(* Let $M$ be a partial multiplication matrix and let $\pi^\#\in\mathsf{Grid}^\#(M)$. Then $\pi^\#$ is $M$-indivisible if and only if its orientation digraph $D_{\pi^\#}$ is strongly connected.
   Context: A gridding matrix has entries in $\{0,1,-1\}$; an $m\times n$ one has $m$ columns, $n$ rows, $M_{ij}$ in column $i$ from the left and row $j$ from the bottom. An $M$-gridding of a permutation $\pi$ of length $L$ is a choice of vertical lines $\tfrac12=v_0\le\dots\le v_m=L+\tfrac12$ and horizontal lines $\tfrac12=h_0\le\dots\le h_n=L+\tfrac12$, not through points of $\pi$, such that in each cell $C_{ij}=\{v_{i-1}<x<v_i,\ h_{j-1}<y<h_j\}$ the points of $\pi$ are absent if $M_{ij}=0$, increasing if $M_{ij}=1$, decreasing if $M_{ij}=-1$. $\mathsf{Grid}^\#(M)$ is the set of $M$-gridded permutations. $M$ is a partial multiplication matrix: there are fixed $c_1,\dots,c_m,r_1,\dots,r_n\in\{\pm1\}$ with $M_{ij}=c_ir_j$ for each non-zero entry. Column $i$ is oriented left-to-right if $c_i=1$, right-to-left otherwise; row $j$ bottom-to-top if $r_j=1$, top-to-bottom otherwise. The orientation digraph $D_{\pi^\#}$ has the points of $\pi^\#$ as vertices, with $x\to y$ whenever $x,y$ lie in a common column of cells and $x$ precedes $y$ in that column's orientation, or in a common row of cells and $x$ precedes $y$ in that row's orientation. $M$-sum: for $M$-gridded $\sigma^\#,\tau^\#$, $\sigma^\#\boxplus\tau^\#$ is the $M$-gridded permutation whose points are those of $\sigma^\#$ and $\tau^\#$, each in the cell it occupied, with the relative order (in position and value) among points of $\sigma^\#$ and among points of $\tau^\#$ unchanged, and such that in every column of cells all points of $\sigma^\#$ precede all points of $\tau^\#$ in the column's orientation and in every row of cells all points of $\sigma^\#$ precede all points of $\tau^\#$ in the row's orientation. (Equivalently: place $\sigma^\#$ in the first copy and $\tau^\#$ in the second copy of $M$ inside the doubled matrix $M^{\times2}$ and delete odd-numbered grid lines.) $\pi^\#$ is $M$-divisible if $\pi^\#=\sigma^\#\boxplus\tau^\#$ with $\sigma^\#,\tau^\#$ non-empty, and $M$-indivisible otherwise. *)

theory Defs
  imports Main
begin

-*-*-

→ Work item: Every line above is to be duplicated exactly as shown.

→ Task result:
(* Let $M$ be a partial multiplication matrix and let $\pi^\#\in\mathsf{Grid}^\#(M)$. Then $\pi^\#$ is $M$-indivisible if and only if its orientation digraph $D_{\pi^\#}$ is strongly connected.
   Context: A gridding matrix has entries in $\{0,1,-1\}$; an $m\times n$ one has $m$ columns, $n$ rows, $M_{ij}$ in column $i$ from the left and row $j$ from the bottom. An $M$-gridding of a permutation $\pi$ of length $L$ is a choice of vertical lines $\tfrac12=v_0\le\dots\le v_m=L+\tfrac12$ and horizontal lines $\tfrac12=h_0\le\dots\le h_n=L+\tfrac12$, not through points of $\pi$, such that in each cell $C_{ij}=\{v_{i-1}<x<v_i,\ h_{j-1}<y<h_j\}$ the points of $\pi$ are absent if $M_{ij}=0$, increasing if $M_{ij}=1$, decreasing if $M_{ij}=-1$. $\mathsf{Grid}^\#(M)$ is the set of $M$-gridded permutations. $M$ is a partial multiplication matrix: there are fixed $c_1,\dots,c_m,r_1,\dots,r_n\in\{\pm1\}$ with $M_{ij}=c_ir_j$ for each non-zero entry. Column $i$ is oriented left-to-right if $c_i=1$, right-to-left otherwise; row $j$ bottom-to-top if $r_j=1$, top-to-bottom otherwise. The orientation digraph $D_{\pi^\#}$ has the points of $\pi^\#$ as vertices, with $x\to y$ whenever $x,y$ lie in a common column of cells and $x$ precedes $y$ in that column's orientation, or in a common row of cells and $x$ precedes $y$ in that row's orientation. $M$-sum: for $M$-gridded $\sigma^\#,\tau^\#$, $\sigma^\#\boxplus\tau^\#$ is the $M$-gridded permutation whose points are those of $\sigma^\#$ and $\tau^\#$, each in the cell it occupied, with the relative order (in position and value) among points of $\sigma^\#$ and among points of $\tau^\#$ unchanged, and such that in every column of cells all points of $\sigma^\#$ precede all points of $\tau^\#$ in the column's orientation and in every row of cells all points of $\sigma^\#$ precede all points of $\tau^\#$ in the row's orientation. (Equivalently: place $\sigma^\#$ in the first copy and $\tau^\#$ in the second copy of $M$ inside the doubled matrix $M^{\times2}$ and delete odd-numbered grid lines.) $\pi^\#$ is $M$-divisible if $\pi^\#=\sigma^\#\boxplus\tau^\#$ with $\sigma^\#,\tau^\#$ non-empty, and $M$-indivisible otherwise. *)

theory Defs
  imports Main
begin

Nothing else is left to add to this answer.